Road to Recovery
The COVID 19 pandemic has shown how vulnerable value chain operations can be, with severe impacts on food production and trade worldwide. Restriction on movement is hindering farmers with farms in other state locations from accessing their farms or procuring inputs such as seeds and farm implements. Obstructing food distribution, which could result in post-harvest losses, reduced market supply and further increase food prices. It has revealed very clearly the weaknesses in modern agri-based value chains. The Nigerian agricultural value chains are no exception, and to better understand the extent of the impact of the restrictions related to the pandemic on all four supported value chains, a survey on different actors across all value chains was conducted.

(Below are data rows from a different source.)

lemma pd_omega_coeff_trace:
  fixes k :: 2
  assumes p: "p \<in> U"
  defines "dG \<equiv> \<lambda>a b. christoffel1 F p k a b + christoffel1 F p k b a"
    and "dS \<equiv> \<lambda>i j. W2_coeff W F p k i j + cross_coeff W F p i k j"
    and "S \<equiv> omega_coeff W F p" and "G \<equiv> first_ff F p"
  shows "dG 2 2 * S 1 1 + G 2 2 * dS 1 1 - (dG 1 2 * (S 1 2 + S 2 1) + G 1 2 * (dS 1 2 + dS 2 1))
        + dG 1 1 * S 2 2 + G 1 1 * dS 2 2
      = (dG 1 1 * G 2 2 + G 1 1 * dG 2 2 - 2 * G 1 2 * dG 1 2) * (W p \<bullet> F p) / 2
        + metric_det F p * (pd W k p \<bullet> F p + W p \<bullet> pd F k p) / 2"
proof -
  note dF = smooth_differentiable[OF smooth_F open_U p] and dW = smooth_differentiable[OF smooth_W open_U p]
  have dg: "(\<lambda>q. first_ff F q a b) differentiable (at p)" for a b
    unfolding first_ff_def by (intro differentiable_inner smooth_pd_differentiable[OF smooth_F open_U p])
  have pg: "pd (\<lambda>q. first_ff F q a b) k p = christoffel1 F p k a b + christoffel1 F p k b a" for a b
    unfolding first_ff_def christoffel1_def
    by (subst pd_inner) (use smooth_pd_differentiable[OF smooth_F open_U p] in \<open>auto simp: inner_commute\<close>)
  have pw: "pd (\<lambda>q. W q \<bullet> F q) k p = pd W k p \<bullet> F p + W p \<bullet> pd F k p"
    by (rule pd_inner[OF dW dF])
  have dw: "(\<lambda>q. W q \<bullet> F q) differentiable (at p)" using dW dF by simp
  note ds = differentiable_omega_coeff[OF p] and ps = pd_omega_coeff[OF p]
  have "pd (\<lambda>q. first_ff F q 2 2 * omega_coeff W F q 1 1
        - first_ff F q 1 2 * (omega_coeff W F q 1 2 + omega_coeff W F q 2 1) + first_ff F q 1 1 * omega_coeff W F q 2 2
      - (1/2) * ((first_ff F q 1 1 * first_ff F q 2 2 - first_ff F q 1 2 * first_ff F q 1 2) * (W q \<bullet> F q))) k p = 0"
  proof (rule pd_zero_on[OF open_U p])
    fix q assume "q \<in> U"
    from omega_coeff_trace_cofactor[OF this]
    show "first_ff F q 2 2 * omega_coeff W F q 1 1
        - first_ff F q 1 2 * (omega_coeff W F q 1 2 + omega_coeff W F q 2 1) + first_ff F q 1 1 * omega_coeff W F q 2 2
      - (1/2) * ((first_ff F q 1 1 * first_ff F q 2 2 - first_ff F q 1 2 * first_ff F q 1 2) * (W q \<bullet> F q)) = 0"
      by (simp add: metric_det_def power2_eq_square)
  qed
  then have "0 = pd (\<lambda>q. first_ff F q 2 2) k p * S 1 1 + G 2 2 * pd (\<lambda>q. omega_coeff W F q 1 1) k p
      - (pd (\<lambda>q. first_ff F q 1 2) k p * (S 1 2 + S 2 1)
         + G 1 2 * (pd (\<lambda>q. omega_coeff W F q 1 2) k p + pd (\<lambda>q. omega_coeff W F q 2 1) k p))
      + (pd (\<lambda>q. first_ff F q 1 1) k p * S 2 2 + G 1 1 * pd (\<lambda>q. omega_coeff W F q 2 2) k p)
      - (1/2) * ((pd (\<lambda>q. first_ff F q 1 1) k p * G 2 2 + G 1 1 * pd (\<lambda>q. first_ff F q 2 2) k p
             - (pd (\<lambda>q. first_ff F q 1 2) k p * G 1 2 + G 1 2 * pd (\<lambda>q. first_ff F q 1 2) k p)) * (W p \<bullet> F p)
           + (G 1 1 * G 2 2 - G 1 2 * G 1 2) * pd (\<lambda>q. W q \<bullet> F q) k p)"
    unfolding S_def G_def by (simp add: pd_add pd_diff pd_mult pd_const pd_divide dg ds dw)
  then show ?thesis unfolding pg ps pw dG_def dS_def S_def G_def metric_det_def power2_eq_square
    by (simp add: field_simps)
qed

lemma Lop_ghf_coeff:
  assumes p: "p \<in> U"
  shows "Lop F om p v = (\<Sum>k\<in>UNIV. crd F p v $ k * (
       (W p \<bullet> pd F k p) / 2 + (pd W k p \<bullet> (F p - tproj F p (F p))) / 2
     + (\<Sum>i\<in>UNIV. \<Sum>j\<in>UNIV. inv_metric F p i j * (normal_cross W F p k i j - normal_cross W F p i k j))))"
proof -
  have r: "regular_at F p" using regular[OF p] .
  have Ssym: "omega_coeff W F p 2 1 = omega_coeff W F p 1 2" using omega_coeff_sym[OF p] by simp
  have Wsym: "W2_coeff W F p a b c = W2_coeff W F p b a c" for a b c
    unfolding W2_coeff_def using smooth_clairaut[OF smooth_W open_U p] by simp
  have Csym: "christoffel1 F p a b c = christoffel1 F p b a c" for a b c
    unfolding christoffel1_def using pd_pd_F_sym[OF p] by simp
  have tr: "(\<Sum>i\<in>UNIV. \<Sum>j\<in>UNIV. inv_metric F p i j * (W2_coeff W F p k i j + cross_coeff W F p i k j))
      = ((pd W k p \<bullet> F p) + (W p \<bullet> pd F k p)) / 2
        + (\<Sum>i\<in>UNIV. \<Sum>j\<in>UNIV. \<Sum>a\<in>UNIV. \<Sum>b\<in>UNIV. inv_metric F p i a
            * (christoffel1 F p k a b + christoffel1 F p k b a) * inv_metric F p b j * omega_coeff W F p i j)" for k
    by (rule inverse_trace_derivative[where G = "first_ff F p" and D = "metric_det F p" and WF = "W p \<bullet> F p"
        and dD = "(christoffel1 F p k 1 1 + christoffel1 F p k 1 1) * first_ff F p 2 2
          + first_ff F p 1 1 * (christoffel1 F p k 2 2 + christoffel1 F p k 2 2)
          - 2 * first_ff F p 1 2 * (christoffel1 F p k 1 2 + christoffel1 F p k 2 1)"])
      (use metric_det_pos[OF r] Ssym omega_coeff_trace_cofactor[OF p] pd_omega_coeff_trace[OF p, of k]
        in \<open>simp_all add: metric_det_def power2_eq_square inv_metric_def\<close>)
  show ?thesis unfolding Lop_coeff[OF p]
    by (intro sum.cong refl arg_cong2[where f = "(*)"] drift_laplacian_contraction[where Wx = "\<lambda>k. pd W k p \<bullet> F p"]
        inv_metric_sym Ssym Wsym Csym cross_coeff_split[OF r] pd_omega_coeff_sym[OF p] tr position_split[OF r])
qed

end

section \<open>Normal frames: the Gauss and Weingarten equations\<close>

definition sff :: "(real^2 \<Rightarrow> real^'n) \<Rightarrow> (real^2 \<Rightarrow> real^'n) \<Rightarrow> real^2 \<Rightarrow> 2 \<Rightarrow> 2 \<Rightarrow> real" where
  "sff F N p i j = pd (pd F j) i p \<bullet> N p"

locale framed_patch = immersed_patch U F for U :: "(real^2) set" and F :: "real^2 \<Rightarrow> real^'n" +
  fixes \<nu> :: "nat \<Rightarrow> real^2 \<Rightarrow> real^'n"
  assumes normal_frame: "normal_frame U F \<nu>"
begin

lemma smooth_nu: "a < CARD('n) - 2 \<Longrightarrow> smooth_on2 U (\<nu> a)"
  using normal_frame unfolding normal_frame_def by auto

lemma nu_perp: "a < CARD('n) - 2 \<Longrightarrow> q \<in> U \<Longrightarrow> w \<in> Tsp F q \<Longrightarrow> \<nu> a q \<bullet> w = 0"
  using normal_frame unfolding normal_frame_def by auto

lemma nu_orthonormal:
  "a < CARD('n) - 2 \<Longrightarrow> b < CARD('n) - 2 \<Longrightarrow> q \<in> U \<Longrightarrow> \<nu> a q \<bullet> \<nu> b q = (if a = b then 1 else 0)"
  using normal_frame unfolding normal_frame_def by auto

lemma normal_part: "q \<in> U \<Longrightarrow> y - tproj F q y = (\<Sum>a<CARD('n) - 2. (y \<bullet> \<nu> a q) *\<^sub>R \<nu> a q)"
  by (rule normal_part_expand) (use regular nu_perp nu_orthonormal in auto)

lemma sff_sym: "p \<in> U \<Longrightarrow> sff F N p i j = sff F N p j i"
  unfolding sff_def using pd_pd_F_sym by simp

text \<open>Weingarten equation: \<open><\<partial>\<^sub>i\<nu>\<^sub>a, \<partial>\<^sub>kF> = -h\<^sup>a\<^sub>i\<^sub>k\<close>, from differentiating \<open><\<nu>\<^sub>a, \<partial>\<^sub>kF> = 0\<close>.\<close>
lemma weingarten:
  assumes p: "p \<in> U" and a: "a < CARD('n) - 2"
  shows "pd (\<nu> a) i p \<bullet> pd F k p = - sff F (\<nu> a) p i k"
proof -
  have "pd (\<lambda>q. \<nu> a q \<bullet> pd F k q) i p = 0"
    by (rule pd_zero_on[OF open_U p]) (use nu_perp[OF a] pd_in_Tsp in blast)
  moreover have "pd (\<lambda>q. \<nu> a q \<bullet> pd F k q) i p = pd (\<nu> a) i p \<bullet> pd F k p + \<nu> a p \<bullet> pd (pd F k) i p"
    by (rule pd_inner)
      (use smooth_differentiable[OF smooth_nu[OF a] open_U p] smooth_pd_differentiable[OF smooth_F open_U p] in auto)
  ultimately show ?thesis unfolding sff_def by (simp add: inner_commute)
qed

The Green Innovation Centre – Nigeria via a survey identified impacts on market access for farm produce, access to inputs (e.g. fertilizers, seeds, raw materials) and transportation to and from the farm – in addition to the illegal road taxation of food delivery trucks by road officers and difficulty in maintaining and paying staff due to a disruption in cash flow as among the key challenges disrupting the value chain, especially in the cassava, rice, maize, and potato value chains. These challenges hit young SMEs the most as they lack the capacity to cope with the huge market disruption.
Despite these challenges, SMEs are diversifying their business offerings, adopting agile methods to enable them to sustain production. Small-scale rice processors are now diversifying into buying paddy, processing, and selling rather than only processing for customers. Marketing agricultural products via online platforms and exploring neighborhood markets, in addition to growing short-duration crops is offering a great opportunity for local producers in the value chains to cope with the pandemic.